● PROBLEM
The exercise asks you to copy every line below in which "also" appears.

● SOURCE MATERIAL
text \<open>Each of the four sets S is invariant under adding constants, and it does not contain 0,
  because the graph of 0 is a segment, all of whose dimensions are 1 < s. For such S, take an
  infinite-dimensional subspace M \<subseteq> S \<union> {0} and a discontinuous linear functional l on M.
  The sheared subspace {x + l x \<cdot> 1 | x \<in> M} still lies in S \<union> {0} and has the same dimension,
  but its closure contains the constant 1 (the limit of w n + 1, where w n \<rightarrow> 0 and l (w n) = 1),
  whereas 1 \<notin> S. So no closed subspace of S \<union> {0} contains it, whatever its dimension.\<close>

lemma has_hamel_dim_linear_image:
  assumes "linear L" "inj_on L M" "has_hamel_dim M A"
  shows "has_hamel_dim (L ` M) A"
proof -
  obtain C where C: "C \<subseteq> M" "independent C" "span C = M" "C \<approx> A"
    using assms(3) unfolding has_hamel_dim_def by blast
  have "independent (L ` C)"
    using linear_independent_injective_image[OF assms(1) C(2)] assms(2) C(3) by simp
  moreover have "span (L ` C) = L ` M"
    using span_linear_image[OF assms(1)] C(3) by simp
  moreover have "L ` C \<approx> A"
    by (rule eqpoll_trans[OF inj_on_image_eqpoll_self[OF inj_on_subset[OF assms(2) C(1)]] C(4)])
  moreover have "L ` C \<subseteq> L ` M"
    using C(1) by (rule image_mono)
  ultimately show ?thesis
    unfolding has_hamel_dim_def by blast
qed

lemma independent_infinite_obtains_discontinuous_functional:
  fixes C :: "'v::real_normed_vector set"
  assumes "independent C" "infinite C"
  obtains l :: "'v \<Rightarrow> real" and w :: "nat \<Rightarrow> 'v"
  where "linear l" "w \<longlonglongrightarrow> 0" "\<And>n. w n \<in> span C" "\<And>n. l (w n) = 1"
proof -
  obtain b :: "nat \<Rightarrow> 'v" where b: "inj b" "range b \<subseteq> C"
    using infinite_countable_subset[OF assms(2)] by blast
  then have b_in: "b n \<in> C" for n
    by blast
  have b_nonzero: "b n \<noteq> 0" for n
    using b_in[of n] assms(1) dependent_zero by metis
  obtain l where l: "linear l" "\<forall>x\<in>C. l x = real (Suc (inv b x)) * norm x"
    using linear_independent_extend[OF assms(1), of "\<lambda>x. real (Suc (inv b x)) * norm x"] by blast
  have l_b: "l (b n) = real (Suc n) * norm (b n)" for n
    using l(2) b_in[of n] inv_f_f[OF b(1)] by simp
  define w where "w n = (1 / (real (Suc n) * norm (b n))) *\<^sub>R b n" for n
  have "l (w n) = 1" for n
    using b_nonzero[of n] by (simp add: w_def linear_scale[OF l(1)] l_b)
  moreover have "w \<longlonglongrightarrow> 0"
  proof -
    have "norm (w n) = 1 / real (Suc n)" for n
      using b_nonzero[of n] by (simp add: w_def)
    then have "(\<lambda>n. norm (w n)) \<longlonglongrightarrow> 0"
      using LIMSEQ_Suc[OF lim_inverse_n'] by simp
    then show ?thesis
      by (simp only: tendsto_norm_zero_iff)
  qed
  moreover have "w n \<in> span C" for n
    unfolding w_def by (intro span_mul span_base b_in)
  ultimately show ?thesis
    using that l(1) by blast
qed

lemma shift_invariant_shear_image:
  fixes S :: "'v::real_vector set" and l :: "'v \<Rightarrow> real"
  assumes shift: "\<And>f c. f \<in> S \<Longrightarrow> f + c *\<^sub>R g \<in> S" and zero: "0 \<notin> S"
    and M: "subspace M" "M \<subseteq> S \<union> {0}" "has_hamel_dim M A" and l: "linear l"
  defines "L x \<equiv> x + l x *\<^sub>R g"
  shows "subspace (L ` M)" "L ` M \<subseteq> S \<union> {0}" "has_hamel_dim (L ` M) A"
proof -
  have "linear L"
    unfolding L_def
    by (rule linearI) (simp_all add: linear_add[OF l] linear_scale[OF l] algebra_simps)
  then show "subspace (L ` M)"
    using M(1) by (rule linear_subspace_image)
  show "L ` M \<subseteq> S \<union> {0}"
  proof
    fix y assume "y \<in> L ` M"
    then obtain x where "x \<in> M" "y = L x"
      by blast
    then show "y \<in> S \<union> {0}"
      using M(2) shift linear_0[OF \<open>linear L\<close>] by (cases "x = 0") (auto simp: L_def)
  qed
  have multiple_notin: "c *\<^sub>R g \<notin> S" for c
    using shift[of "c *\<^sub>R g" "- c"] zero by auto
  have "inj_on L M"
  proof (rule inj_onI)
    fix x y assume "x \<in> M" "y \<in> M" "L x = L y"
    then have "x - y = (- l (x - y)) *\<^sub>R g" "x - y \<in> M"
      using M(1) by (simp_all add: L_def linear_diff[OF l] algebra_simps subspace_diff)
    then show "x = y"
      using M(2) multiple_notin by (metis UnE singletonD right_minus_eq subsetD)
  qed
  then show "has_hamel_dim (L ` M) A"
    using has_hamel_dim_linear_image[OF \<open>linear L\<close> _ M(3)] by blast
qed

lemma not_spaceable_if_shift_invariant:
  fixes S :: "'v::real_normed_vector set" and A :: "'a set" and B :: "'b set"
  assumes shift: "\<And>f c. f \<in> S \<Longrightarrow> f + c *\<^sub>R g \<in> S"
    and zero: "0 \<notin> S" and "g \<noteq> 0" and "infinite A"
  shows "\<not> spaceable S A B"
proof
  assume spaceable: "spaceable S A B"
  then have "lineable S A"
    by (simp add: spaceable_def)
  then obtain M where M: "subspace M" "M \<subseteq> S \<union> {0}" "has_hamel_dim M A"
    unfolding lineable_def by blast
  then obtain C where C: "independent C" "span C = M" "C \<approx> A"
    unfolding has_hamel_dim_def by blast
  have "infinite C"
    using eqpoll_finite_iff[OF C(3)] \<open>infinite A\<close> by simp
  obtain l :: "'v \<Rightarrow> real" and w
    where l: "linear l" and w: "w \<longlonglongrightarrow> 0" "\<And>n. w n \<in> span C" "\<And>n. l (w n) = 1"
    using independent_infinite_obtains_discontinuous_functional[OF C(1) \<open>infinite C\<close>] by blast
  define L where "L x = x + l x *\<^sub>R g" for x
  obtain V where V: "closed V" "L ` M \<subseteq> V" "V \<subseteq> S \<union> {0}"
    using spaceable shift_invariant_shear_image[OF shift zero M l] unfolding spaceable_def L_def by blast
  have "L (w n) \<in> V" for n
    using V(2) w(2) C(2) by blast
  moreover have "(\<lambda>n. L (w n)) \<longlonglongrightarrow> g"
    using tendsto_add[OF w(1) tendsto_const[of g]] by (simp add: L_def w(3))
  ultimately have "g \<in> V"
    by (rule closed_sequentially[OF V(1)])
  then have "g \<in> S"
    using V(3) \<open>g \<noteq> 0\<close> by blast
  then show False
    using shift[of g "- 1"] zero by simp
qed

lemma diameter_translation:
  fixes v :: "'a::real_normed_vector"
  shows "diameter ((+) v ` U) = diameter U"
proof -
  have "(+) v ` U \<times> (+) v ` U = map_prod ((+) v) ((+) v) ` (U \<times> U)"
    by (simp add: map_prod_surj_on)
  moreover have "(\<lambda>(x, y). dist x y) \<circ> map_prod ((+) v) ((+) v) = (\<lambda>(x, y). dist x y)"
    by (auto simp: fun_eq_iff)
  ultimately show ?thesis
    by (simp add: diameter_def image_comp)
qed

lemma hausdorff_pre_translation:
  fixes v :: "'a::real_normed_vector"
  shows "hausdorff_pre s \<delta> ((+) v ` E) = hausdorff_pre s \<delta> E"
proof -
  define covers where
    "covers F = {U :: nat \<Rightarrow> 'a set. F \<subseteq> (\<Union>i. U i) \<and> (\<forall>i. bounded (U i) \<and> diameter (U i) \<le> \<delta>)}" for F
  have le: "hausdorff_pre s \<delta> ((+) u ` F) \<le> hausdorff_pre s \<delta> F" for u :: 'a and F
    unfolding hausdorff_pre_def covers_def[symmetric]
  proof (rule INF_mono)
    fix U assume U: "U \<in> covers F"
    then have "(+) u ` F \<subseteq> (\<Union>i. (+) u ` U i)"
      unfolding covers_def by blast
    with U have "(\<lambda>i. (+) u ` U i) \<in> covers ((+) u ` F)"
      by (simp add: covers_def diameter_translation bounded_translation)
    then show "\<exists>U'\<in>covers ((+) u ` F).
        (\<Sum>i. ennreal (diameter (U' i) powr s)) \<le> (\<Sum>i. ennreal (diameter (U i) powr s))"
      by (rule bexI[rotated]) (simp add: diameter_translation)
  qed
  have "hausdorff_pre s \<delta> E = hausdorff_pre s \<delta> ((+) (- v) ` (+) v ` E)"
    by (simp add: image_image)
  then show ?thesis
    using le[of v E] le[of "- v" "(+) v ` E"] by (simp add: antisym)
qed

lemma hausdorff_dim_translation:
  fixes v :: "'a::real_normed_vector"
  shows "hausdorff_dim ((+) v ` E) = hausdorff_dim E"
  unfolding hausdorff_dim_def hausdorff_measure_def hausdorff_pre_translation ..

lemma cover_num_translation:
  fixes v :: "'a::real_normed_vector"
  shows "cover_num \<delta> ((+) v ` F) = cover_num \<delta> F"
proof -
  define sizes where "sizes F = {card C | C. finite C \<and> F \<subseteq> \<Union>C \<and> (\<forall>U\<in>C. bounded U \<and> diameter U \<le> \<delta>)}"
    for F :: "'a set"
  have sub: "sizes F \<subseteq> sizes ((+) u ` F)" for u F
  proof
    fix k assume "k \<in> sizes F"
    then obtain C where C: "k = card C" "finite C" "F \<subseteq> \<Union>C" "\<forall>U\<in>C. bounded U \<and> diameter U \<le> \<delta>"
      unfolding sizes_def by blast
    have "inj_on ((`) ((+) u)) C"
      by (rule inj_onI) (simp add: inj_image_eq_iff)
    then have "card ((`) ((+) u) ` C) = k"
      using C(1) by (simp add: card_image)
    moreover have "(+) u ` F \<subseteq> \<Union>((`) ((+) u) ` C)"
      using C(3) by blast
    ultimately show "k \<in> sizes ((+) u ` F)"
      unfolding sizes_def using C(2,4) by (force simp: diameter_translation bounded_translation)
  qed
  have "sizes F = sizes ((+) (- v) ` (+) v ` F)"
    by (simp add: image_image)
  then have "sizes ((+) v ` F) = sizes F"
    using sub[of F v] sub[of "(+) v ` F" "- v"] by blast
  then show ?thesis
    by (simp add: cover_num_def sizes_def)
qed

lemma upper_box_dim_translation:
  fixes v :: "'a::real_normed_vector"
  shows "upper_box_dim ((+) v ` F) = upper_box_dim F"
  unfolding upper_box_dim_def cover_num_translation ..

lemma lower_box_dim_translation:
  fixes v :: "'a::real_normed_vector"
  shows "lower_box_dim ((+) v ` F) = lower_box_dim F"
  unfolding lower_box_dim_def cover_num_translation ..

lemma cover_num_le_card:
  assumes "finite C" "F \<subseteq> \<Union>C" "\<forall>U\<in>C. bounded U \<and> diameter U \<le> \<delta>"
  shows "cover_num \<delta> F \<le> card C"
  unfolding cover_num_def using assms by (intro cInf_lower) auto

lemma hausdorff_pre_le_finite_cover:
  assumes "finite C" "F \<subseteq> \<Union>C" "\<forall>U\<in>C. bounded U \<and> diameter U \<le> \<delta>" "0 \<le> \<delta>" "0 \<le> t"
  shows "hausdorff_pre t \<delta> F \<le> ennreal (card C * \<delta> powr t)"
proof -
  obtain xs where xs: "set xs = C" "distinct xs"
    using finite_distinct_list[OF assms(1)] by blast
  define U where "U i = (if i < length xs then xs ! i else {})" for i
  \<comment> \<open>padding with empty sets costs nothing, as \<open>0 powr t = 0\<close> even for \<open>t = 0\<close>\<close>
  have U_in: "U i \<in> C" if "i < length xs" for i
    using that by (simp add: U_def flip: xs(1))
  have "U \<in> {U. F \<subseteq> (\<Union>i. U i) \<and> (\<forall>i. bounded (U i) \<and> diameter (U i) \<le> \<delta>)}"
  proof -
    have "F \<subseteq> (\<Union>i. U i)"
      using assms(2) xs(1) by (force simp: U_def set_conv_nth)
    moreover have "bounded (U i) \<and> diameter (U i) \<le> \<delta>" for i
      using assms(3,4) U_in[of i] by (cases "i < length xs") (auto simp: U_def)
    ultimately show ?thesis
      by simp
  qed
  then have "hausdorff_pre t \<delta> F \<le> (\<Sum>i. ennreal (diameter (U i) powr t))"
    unfolding hausdorff_pre_def by (rule INF_lower)
  also have "\<dots> = (\<Sum>i<length xs. ennreal (diameter (U i) powr t))"
    by (rule suminf_finite) (auto simp: U_def)
  also have "\<dots> \<le> of_nat (card {..<length xs}) * ennreal (\<delta> powr t)"
    using assms(3,5) U_in
    by (intro sum_bounded_above ennreal_leI powr_mono2) (auto simp: diameter_ge_0)
  also have "\<dots> = ennreal (card C * \<delta> powr t)"
    using xs distinct_card[OF xs(2)] by (simp add: ennreal_mult' ennreal_of_nat_eq_real_of_nat)
  finally show ?thesis .
qed

lemma hausdorff_pre_antimono:
  "\<delta>' \<le> \<delta> \<Longrightarrow> hausdorff_pre s \<delta> E \<le> hausdorff_pre s \<delta>' E"
  unfolding hausdorff_pre_def by (rule INF_superset_mono) (auto intro: order_trans)

definition unit_segment :: "(real \<times> real) set" where
  "unit_segment = {0..1} \<times> {0}"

● REPLY TO THE TASK
  also have "\<dots> = (\<Sum>i<length xs. ennreal (diameter (U i) powr t))"
  also have "\<dots> \<le> of_nat (card {..<length xs}) * ennreal (\<delta> powr t)"
  also have "\<dots> = ennreal (card C * \<delta> powr t)"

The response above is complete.